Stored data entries
::::::::::

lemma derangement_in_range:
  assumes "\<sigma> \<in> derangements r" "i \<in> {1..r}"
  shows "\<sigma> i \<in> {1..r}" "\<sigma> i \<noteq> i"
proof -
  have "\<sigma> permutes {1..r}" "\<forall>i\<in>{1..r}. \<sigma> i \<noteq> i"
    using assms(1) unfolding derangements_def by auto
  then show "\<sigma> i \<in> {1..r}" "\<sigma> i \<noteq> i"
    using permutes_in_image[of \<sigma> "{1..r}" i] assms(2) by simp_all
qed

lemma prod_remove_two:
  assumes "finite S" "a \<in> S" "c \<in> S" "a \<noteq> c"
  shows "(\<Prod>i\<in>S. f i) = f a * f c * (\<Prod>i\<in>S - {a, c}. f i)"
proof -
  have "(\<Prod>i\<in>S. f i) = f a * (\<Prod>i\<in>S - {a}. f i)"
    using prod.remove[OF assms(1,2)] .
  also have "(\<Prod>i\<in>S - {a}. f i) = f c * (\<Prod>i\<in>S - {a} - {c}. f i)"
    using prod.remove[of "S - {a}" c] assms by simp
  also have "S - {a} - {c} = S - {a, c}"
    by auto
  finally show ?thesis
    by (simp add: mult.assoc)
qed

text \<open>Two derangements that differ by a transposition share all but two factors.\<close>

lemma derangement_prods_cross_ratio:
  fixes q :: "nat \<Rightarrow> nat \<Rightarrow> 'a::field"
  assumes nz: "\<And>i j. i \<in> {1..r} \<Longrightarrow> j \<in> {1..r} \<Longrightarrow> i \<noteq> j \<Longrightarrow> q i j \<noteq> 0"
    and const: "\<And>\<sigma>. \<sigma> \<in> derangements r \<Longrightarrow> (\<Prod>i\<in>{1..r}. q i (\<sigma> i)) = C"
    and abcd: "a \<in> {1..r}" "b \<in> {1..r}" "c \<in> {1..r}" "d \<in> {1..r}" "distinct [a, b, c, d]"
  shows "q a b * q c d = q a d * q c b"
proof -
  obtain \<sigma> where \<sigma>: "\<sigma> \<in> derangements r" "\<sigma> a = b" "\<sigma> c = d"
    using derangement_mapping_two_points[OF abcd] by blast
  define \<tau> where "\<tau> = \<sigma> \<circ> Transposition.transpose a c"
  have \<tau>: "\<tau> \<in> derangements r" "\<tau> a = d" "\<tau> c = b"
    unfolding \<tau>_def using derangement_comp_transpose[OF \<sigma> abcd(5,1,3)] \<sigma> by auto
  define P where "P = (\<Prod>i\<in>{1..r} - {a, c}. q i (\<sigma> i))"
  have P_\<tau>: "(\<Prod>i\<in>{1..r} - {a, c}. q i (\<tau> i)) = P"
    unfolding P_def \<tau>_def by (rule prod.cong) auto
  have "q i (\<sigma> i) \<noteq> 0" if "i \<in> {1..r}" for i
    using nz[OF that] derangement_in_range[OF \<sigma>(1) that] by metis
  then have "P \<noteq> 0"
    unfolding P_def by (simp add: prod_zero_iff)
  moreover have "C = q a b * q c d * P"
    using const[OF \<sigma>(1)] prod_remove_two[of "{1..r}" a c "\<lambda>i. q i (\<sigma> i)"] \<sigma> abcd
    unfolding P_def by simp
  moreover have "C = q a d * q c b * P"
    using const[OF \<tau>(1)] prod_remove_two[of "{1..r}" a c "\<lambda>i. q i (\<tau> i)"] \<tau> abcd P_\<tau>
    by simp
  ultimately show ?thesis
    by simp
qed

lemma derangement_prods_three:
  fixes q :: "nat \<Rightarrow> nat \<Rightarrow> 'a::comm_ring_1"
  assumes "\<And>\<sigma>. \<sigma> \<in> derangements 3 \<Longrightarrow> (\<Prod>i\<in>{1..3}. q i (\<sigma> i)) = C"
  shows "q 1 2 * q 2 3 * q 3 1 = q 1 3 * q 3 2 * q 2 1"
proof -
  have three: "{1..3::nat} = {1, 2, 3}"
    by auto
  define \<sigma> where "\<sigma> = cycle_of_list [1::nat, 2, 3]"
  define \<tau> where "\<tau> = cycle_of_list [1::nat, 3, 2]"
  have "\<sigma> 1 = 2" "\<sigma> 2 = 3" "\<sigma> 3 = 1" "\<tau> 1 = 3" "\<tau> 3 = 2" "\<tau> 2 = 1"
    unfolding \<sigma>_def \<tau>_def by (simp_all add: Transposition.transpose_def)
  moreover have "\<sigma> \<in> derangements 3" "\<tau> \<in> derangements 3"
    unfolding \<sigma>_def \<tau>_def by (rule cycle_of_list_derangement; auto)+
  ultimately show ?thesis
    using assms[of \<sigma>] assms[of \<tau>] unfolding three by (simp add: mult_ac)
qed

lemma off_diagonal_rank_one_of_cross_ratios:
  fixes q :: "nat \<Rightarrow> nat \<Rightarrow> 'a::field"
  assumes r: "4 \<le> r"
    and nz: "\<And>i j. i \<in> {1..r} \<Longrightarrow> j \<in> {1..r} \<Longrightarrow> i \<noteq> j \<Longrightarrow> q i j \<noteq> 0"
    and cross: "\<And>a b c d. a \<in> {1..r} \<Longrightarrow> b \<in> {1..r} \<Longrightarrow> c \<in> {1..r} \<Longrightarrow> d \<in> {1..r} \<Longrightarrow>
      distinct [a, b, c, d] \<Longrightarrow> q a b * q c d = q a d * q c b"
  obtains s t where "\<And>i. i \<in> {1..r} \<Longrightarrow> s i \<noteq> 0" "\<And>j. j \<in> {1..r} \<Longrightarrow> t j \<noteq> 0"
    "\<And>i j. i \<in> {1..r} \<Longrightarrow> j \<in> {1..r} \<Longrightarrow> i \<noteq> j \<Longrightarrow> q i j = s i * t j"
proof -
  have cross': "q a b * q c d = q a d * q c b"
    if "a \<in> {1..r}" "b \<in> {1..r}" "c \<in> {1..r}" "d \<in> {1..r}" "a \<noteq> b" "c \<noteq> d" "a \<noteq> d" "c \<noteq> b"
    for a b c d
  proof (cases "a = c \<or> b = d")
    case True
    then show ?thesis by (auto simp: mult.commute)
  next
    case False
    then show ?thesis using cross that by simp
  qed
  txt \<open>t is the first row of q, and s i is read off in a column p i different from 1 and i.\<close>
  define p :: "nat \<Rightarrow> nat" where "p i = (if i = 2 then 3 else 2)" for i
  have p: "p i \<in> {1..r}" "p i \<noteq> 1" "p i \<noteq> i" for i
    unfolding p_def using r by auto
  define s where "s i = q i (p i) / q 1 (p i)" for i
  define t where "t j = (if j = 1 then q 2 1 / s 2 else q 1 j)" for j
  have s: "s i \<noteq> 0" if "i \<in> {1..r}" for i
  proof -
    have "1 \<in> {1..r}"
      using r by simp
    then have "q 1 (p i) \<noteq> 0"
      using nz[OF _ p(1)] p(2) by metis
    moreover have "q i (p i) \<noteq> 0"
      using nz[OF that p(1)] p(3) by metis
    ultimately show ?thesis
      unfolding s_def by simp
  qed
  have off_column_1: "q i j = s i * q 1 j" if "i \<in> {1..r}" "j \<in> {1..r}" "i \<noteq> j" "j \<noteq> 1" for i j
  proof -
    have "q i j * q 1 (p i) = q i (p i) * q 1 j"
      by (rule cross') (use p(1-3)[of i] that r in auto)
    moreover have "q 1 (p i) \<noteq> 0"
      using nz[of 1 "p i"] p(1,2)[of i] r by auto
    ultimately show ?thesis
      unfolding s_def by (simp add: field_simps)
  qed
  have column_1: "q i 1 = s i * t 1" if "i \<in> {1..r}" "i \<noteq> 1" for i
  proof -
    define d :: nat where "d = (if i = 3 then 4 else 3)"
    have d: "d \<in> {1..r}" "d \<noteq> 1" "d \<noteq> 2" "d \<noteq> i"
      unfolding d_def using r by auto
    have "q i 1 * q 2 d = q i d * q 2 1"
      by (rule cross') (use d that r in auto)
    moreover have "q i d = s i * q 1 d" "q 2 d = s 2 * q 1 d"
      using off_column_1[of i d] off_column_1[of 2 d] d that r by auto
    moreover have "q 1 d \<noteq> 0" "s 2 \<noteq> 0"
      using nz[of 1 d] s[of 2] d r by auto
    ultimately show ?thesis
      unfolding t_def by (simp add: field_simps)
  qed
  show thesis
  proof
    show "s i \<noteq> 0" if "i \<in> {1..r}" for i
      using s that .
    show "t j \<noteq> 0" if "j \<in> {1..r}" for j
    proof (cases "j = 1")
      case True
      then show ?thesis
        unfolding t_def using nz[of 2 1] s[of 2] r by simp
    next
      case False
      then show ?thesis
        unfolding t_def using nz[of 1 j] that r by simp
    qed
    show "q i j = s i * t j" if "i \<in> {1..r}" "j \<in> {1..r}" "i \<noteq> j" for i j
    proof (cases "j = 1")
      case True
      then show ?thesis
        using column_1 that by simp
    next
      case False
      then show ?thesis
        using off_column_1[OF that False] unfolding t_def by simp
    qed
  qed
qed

::::::::::

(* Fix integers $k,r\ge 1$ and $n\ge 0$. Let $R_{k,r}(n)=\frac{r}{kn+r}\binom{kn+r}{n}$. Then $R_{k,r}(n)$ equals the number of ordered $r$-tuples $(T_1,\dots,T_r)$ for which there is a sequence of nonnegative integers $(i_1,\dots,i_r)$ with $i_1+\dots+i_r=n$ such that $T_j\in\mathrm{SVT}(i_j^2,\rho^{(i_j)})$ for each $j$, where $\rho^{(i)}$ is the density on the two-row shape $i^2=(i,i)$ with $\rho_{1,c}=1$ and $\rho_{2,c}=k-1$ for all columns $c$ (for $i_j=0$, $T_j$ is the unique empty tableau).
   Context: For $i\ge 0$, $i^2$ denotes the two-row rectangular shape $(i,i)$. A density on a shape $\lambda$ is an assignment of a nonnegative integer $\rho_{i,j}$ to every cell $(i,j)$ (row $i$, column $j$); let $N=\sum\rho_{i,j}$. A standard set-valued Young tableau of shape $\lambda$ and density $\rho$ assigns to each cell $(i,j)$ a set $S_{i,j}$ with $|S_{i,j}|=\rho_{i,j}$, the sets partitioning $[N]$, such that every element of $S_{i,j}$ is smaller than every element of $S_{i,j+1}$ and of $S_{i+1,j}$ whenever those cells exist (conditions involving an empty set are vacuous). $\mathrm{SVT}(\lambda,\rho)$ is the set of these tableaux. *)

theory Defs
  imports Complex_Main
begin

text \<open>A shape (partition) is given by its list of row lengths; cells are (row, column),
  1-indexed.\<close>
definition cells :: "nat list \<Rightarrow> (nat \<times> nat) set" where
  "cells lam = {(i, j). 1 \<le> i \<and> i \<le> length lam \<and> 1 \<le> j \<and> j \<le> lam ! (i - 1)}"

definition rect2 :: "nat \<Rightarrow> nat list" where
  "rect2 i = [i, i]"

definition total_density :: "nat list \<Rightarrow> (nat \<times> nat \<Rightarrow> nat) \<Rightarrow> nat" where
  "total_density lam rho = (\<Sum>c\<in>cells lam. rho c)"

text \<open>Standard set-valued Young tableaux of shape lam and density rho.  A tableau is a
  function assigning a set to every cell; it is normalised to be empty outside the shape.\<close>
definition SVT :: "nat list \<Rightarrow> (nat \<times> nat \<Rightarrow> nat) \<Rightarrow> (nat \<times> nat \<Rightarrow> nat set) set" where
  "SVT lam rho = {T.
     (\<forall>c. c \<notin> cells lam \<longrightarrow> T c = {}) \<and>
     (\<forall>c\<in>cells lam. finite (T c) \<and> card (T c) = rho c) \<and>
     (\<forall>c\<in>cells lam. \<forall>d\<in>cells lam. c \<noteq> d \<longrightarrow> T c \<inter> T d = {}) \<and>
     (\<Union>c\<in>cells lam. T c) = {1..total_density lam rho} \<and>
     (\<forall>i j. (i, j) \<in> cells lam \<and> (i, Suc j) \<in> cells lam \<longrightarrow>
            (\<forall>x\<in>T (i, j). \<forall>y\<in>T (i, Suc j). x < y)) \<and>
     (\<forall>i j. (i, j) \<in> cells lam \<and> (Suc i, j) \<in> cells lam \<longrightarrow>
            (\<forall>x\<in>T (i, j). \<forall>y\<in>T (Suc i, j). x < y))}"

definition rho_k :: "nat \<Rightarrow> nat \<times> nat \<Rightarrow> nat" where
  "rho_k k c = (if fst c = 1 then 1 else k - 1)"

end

::::::::::

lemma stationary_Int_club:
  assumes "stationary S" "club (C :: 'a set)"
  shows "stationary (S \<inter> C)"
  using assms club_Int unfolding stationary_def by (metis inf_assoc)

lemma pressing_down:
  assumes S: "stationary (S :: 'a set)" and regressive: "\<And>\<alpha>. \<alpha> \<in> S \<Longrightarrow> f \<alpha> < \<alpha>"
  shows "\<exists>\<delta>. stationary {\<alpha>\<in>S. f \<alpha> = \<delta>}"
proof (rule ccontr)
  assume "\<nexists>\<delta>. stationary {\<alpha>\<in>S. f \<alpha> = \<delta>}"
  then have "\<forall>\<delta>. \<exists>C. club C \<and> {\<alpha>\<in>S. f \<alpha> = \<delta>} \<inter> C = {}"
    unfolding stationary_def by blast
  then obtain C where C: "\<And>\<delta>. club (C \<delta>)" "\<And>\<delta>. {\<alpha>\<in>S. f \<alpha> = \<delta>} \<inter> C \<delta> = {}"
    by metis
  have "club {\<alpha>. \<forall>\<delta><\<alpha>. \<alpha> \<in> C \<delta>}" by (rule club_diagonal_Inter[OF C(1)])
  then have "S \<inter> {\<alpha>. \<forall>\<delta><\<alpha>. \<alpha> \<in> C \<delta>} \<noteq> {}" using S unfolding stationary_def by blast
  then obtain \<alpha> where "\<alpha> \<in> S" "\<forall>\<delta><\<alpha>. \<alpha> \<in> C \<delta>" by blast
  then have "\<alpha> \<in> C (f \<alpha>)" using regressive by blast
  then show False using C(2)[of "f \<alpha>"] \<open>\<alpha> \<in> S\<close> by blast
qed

::::::::::

▶ _TO DO_: All lines of the records containing "open" should be shown.

▶ _EXPECTED ANSWER_:
text \<open>Two derangements that differ by a transposition share all but two factors.\<close>
  txt \<open>t is the first row of q, and s i is read off in a column p i different from 1 and i.\<close>
text \<open>A shape (partition) is given by its list of row lengths; cells are (row, column),
text \<open>Standard set-valued Young tableaux of shape lam and density rho.  A tableau is a
  then show False using C(2)[of "f \<alpha>"] \<open>\<alpha> \<in> S\<close> by blast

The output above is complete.